Nineteen suspects on remand at Luzira Prison, who were being tried by the suspended Anti Corruption Court, have petitioned the Acting Chief Justice Steven Kavuma to among other options reconsider releasing them on bail.
The 19 suspects say the future of the Anti Corruption Court is uncertain following the July 12 Constitutional Court ruling that suspended its operations. The suspects argue that this has deprived them of their right to liberty as enshrined in Article 28 and 23 of the constitution.
They also contend that the ruling did not give them a remedial order and that it’s a practice when a given court is being challenged before the Constitutional Court, the accused persons involved, if on remand are to be released on bond upon presenting substantial sureties.

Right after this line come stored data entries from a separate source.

(* Let $d\geq 4$ be an integer and let $\mathcal{X}\subset\mathbb{R}^{d+1}$ be the set of all vectors obtained by permuting the coordinates of $(1,1,-1,0,\dots,0)^T\in\mathbb{R}^{d+1}$. Then $\mathcal{X}$ lies in the affine hyperplane $\{x\in\mathbb{R}^{d+1}\colon x_1+\dots+x_{d+1}=1\}$ (which is isometric to $\mathbb{R}^d$), and, viewed as a subset of $\mathbb{R}^d$ via this isometry, $\mathcal{X}$ is a $5$-distance set with exactly $(d-1)\binom{d+1}{2}$ elements.
   Context: For a finite set $\mathcal{X}$ of distinct vectors in a Euclidean space, $\mathcal{X}$ is called an $s$-distance set if the set of Euclidean distances between distinct elements of $\mathcal{X}$ has exactly $s$ elements. *)

theory Defs
  imports "HOL-Analysis.Analysis" "HOL-Combinatorics.Permutations"
begin

text \<open>Vectors of R^n are represented as functions nat => real, coordinates
  indexed by 0..n-1 (coordinates outside are irrelevant; for our sets they are 0).\<close>

definition eucl_dist :: "nat \<Rightarrow> (nat \<Rightarrow> real) \<Rightarrow> (nat \<Rightarrow> real) \<Rightarrow> real" where
  "eucl_dist n x y = sqrt (\<Sum>i<n. (x i - y i)^2)"

definition distances :: "nat \<Rightarrow> (nat \<Rightarrow> real) set \<Rightarrow> real set" where
  "distances n X = {eucl_dist n x y | x y. x \<in> X \<and> y \<in> X \<and> x \<noteq> y}"

definition is_s_distance_set :: "nat \<Rightarrow> nat \<Rightarrow> (nat \<Rightarrow> real) set \<Rightarrow> bool" where
  "is_s_distance_set n s X \<longleftrightarrow> finite X \<and> card (distances n X) = s"

definition base_vec :: "nat \<Rightarrow> real" where
  "base_vec i = (if i < 2 then 1 else if i = 2 then -1 else 0)"

definition perm_set :: "nat \<Rightarrow> (nat \<Rightarrow> real) set" where
  "perm_set n = {(\<lambda>i. base_vec (p i)) | p. p permutes {0..<n}}"

end

theory Submission
  imports Defs
begin

text \<open>The elements of the set are the vectors \<open>e\<^sub>a + e\<^sub>b - e\<^sub>c\<close> with \<open>a, b, c\<close> distinct,
  so they are integer vectors with coordinate sum 1 and squared norm 3. For distinct \<open>x, y\<close>
  the squared distance \<open>|x - y|\<^sup>2\<close> is a positive even integer, because \<open>t\<^sup>2 \<equiv> t (mod 2)\<close> and
  the coordinates of \<open>x - y\<close> sum to 0. By the parallelogram law \<open>|x - y|\<^sup>2 = 12 - |x + y|\<^sup>2\<close>,
  and the squared norm of an integer vector dominates the absolute value of its coordinate
  sum, which is 2 for \<open>x + y\<close>; hence \<open>|x - y|\<^sup>2 \<in> {2, 4, 6, 8, 10}\<close>, and all five values
  occur as soon as there are five coordinates. Counting the choices of \<open>{a, b}\<close> and then \<open>c\<close>
  gives the cardinality.\<close>

lemma sum_lessThan_eq_of_vanishing:
  fixes f :: "nat \<Rightarrow> 'a::comm_monoid_add"
  assumes "m \<le> n" and "\<And>i. m \<le> i \<Longrightarrow> i < n \<Longrightarrow> f i = 0"
  shows "(\<Sum>i<n. f i) = (\<Sum>i<m. f i)"
  by (rule sum.mono_neutral_right) (use assms in auto)

lemma abs_le_power2_Ints:
  fixes x :: real
  assumes "x \<in> \<int>"
  shows "\<bar>x\<bar> \<le> x\<^sup>2"
proof -
  obtain k where "x = of_int k" using assms by (rule Ints_cases)
  moreover have "\<bar>k\<bar> \<le> k\<^sup>2"
  proof (cases "k = 0")
    case False
    then have "\<bar>k\<bar> * 1 \<le> \<bar>k\<bar> * \<bar>k\<bar>" by (intro mult_left_mono) auto
    then show ?thesis by (simp add: power2_eq_square abs_mult[symmetric])
  qed simp
  ultimately show ?thesis by (metis of_int_abs of_int_le_iff of_int_power)
qed

lemma abs_sum_le_sum_power2_Ints:
  fixes f :: "'a \<Rightarrow> real"
  assumes "\<And>i. i \<in> A \<Longrightarrow> f i \<in> \<int>"
  shows "\<bar>sum f A\<bar> \<le> (\<Sum>i\<in>A. (f i)\<^sup>2)"
proof -
  have "\<bar>sum f A\<bar> \<le> (\<Sum>i\<in>A. \<bar>f i\<bar>)" by (rule sum_abs)
  also have "\<dots> \<le> (\<Sum>i\<in>A. (f i)\<^sup>2)" by (rule sum_mono) (use assms abs_le_power2_Ints in blast)
  finally show ?thesis .
qed

lemma sum_power2_Ints_parity:
  fixes f :: "'a \<Rightarrow> real"
  assumes "\<And>i. i \<in> A \<Longrightarrow> f i \<in> \<int>"
  obtains k :: int where "(\<Sum>i\<in>A. (f i)\<^sup>2) = sum f A + 2 * of_int k"
proof -
  have "\<forall>i\<in>A. \<exists>k. f i = of_int k" using assms by (auto elim!: Ints_cases)
  then obtain g where g: "\<And>i. i \<in> A \<Longrightarrow> f i = of_int (g i)" by metis
  have "even (\<Sum>i\<in>A. (g i)\<^sup>2 - g i)" by (rule dvd_sum) simp
  then obtain k where k: "(\<Sum>i\<in>A. (g i)\<^sup>2 - g i) = 2 * k" by (rule evenE)
  have "(\<Sum>i\<in>A. (f i)\<^sup>2) - sum f A = of_int (\<Sum>i\<in>A. (g i)\<^sup>2 - g i)"
    by (simp add: g sum_subtractf[symmetric])
  then show ?thesis using k that[of k] by simp
qed

lemma sum_power2_diff_le_Ints:
  fixes x y :: "'a \<Rightarrow> real"
  assumes "\<And>i. i \<in> A \<Longrightarrow> x i \<in> \<int>" and "\<And>i. i \<in> A \<Longrightarrow> y i \<in> \<int>"
    and "sum x A = s" and "sum y A = s"
    and "(\<Sum>i\<in>A. (x i)\<^sup>2) = m" and "(\<Sum>i\<in>A. (y i)\<^sup>2) = m"
  shows "(\<Sum>i\<in>A. (x i - y i)\<^sup>2) \<le> 4 * m - 2 * \<bar>s\<bar>"
proof -
  have parallelogram: "(\<Sum>i\<in>A. (x i - y i)\<^sup>2) + (\<Sum>i\<in>A. (x i + y i)\<^sup>2)
      = 2 * (\<Sum>i\<in>A. (x i)\<^sup>2) + 2 * (\<Sum>i\<in>A. (y i)\<^sup>2)"
    by (simp add: sum.distrib[symmetric] sum_distrib_left power2_eq_square algebra_simps)
  have "\<bar>sum x A + sum y A\<bar> \<le> (\<Sum>i\<in>A. (x i + y i)\<^sup>2)"
    using abs_sum_le_sum_power2_Ints[of A "\<lambda>i. x i + y i"] assms(1,2) by (simp add: sum.distrib)
  then show ?thesis using parallelogram assms(3-6) by simp
qed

In their petition, the inmates want Justice Kavuma to help them by either expeditiously disposing of the main petition or by way of a supplementary order for them to be released on court bond.
Speaking to the media recently, Kavuma said the main petition will be handled with urgency given that it’s a constitutional matter.
On July 12, the Constitutional Court stayed all the criminal proceedings arising from the Chief Magistrates and Grade One Magistrate attached to the Anti Corruption Division of the High Court, until the substantive petition challenging the composition of the magistrates’ court is determined.
The Constitutional Court petition No.2 of 2013 was filed by David Wesley Tusingwire against the Attorney General. Tusingwire is challenging the inclusion of magistrates in the Anti-corruption Court which is a division of the High Court.
While temporarily suspending the operations of the court, a panel of three Justices led by Acting Chief Justice Steven Kavuma, noted that their decision will not have any effect on already decided cases and that only the continuing cases should be stayed until the substantive petition is disposed of.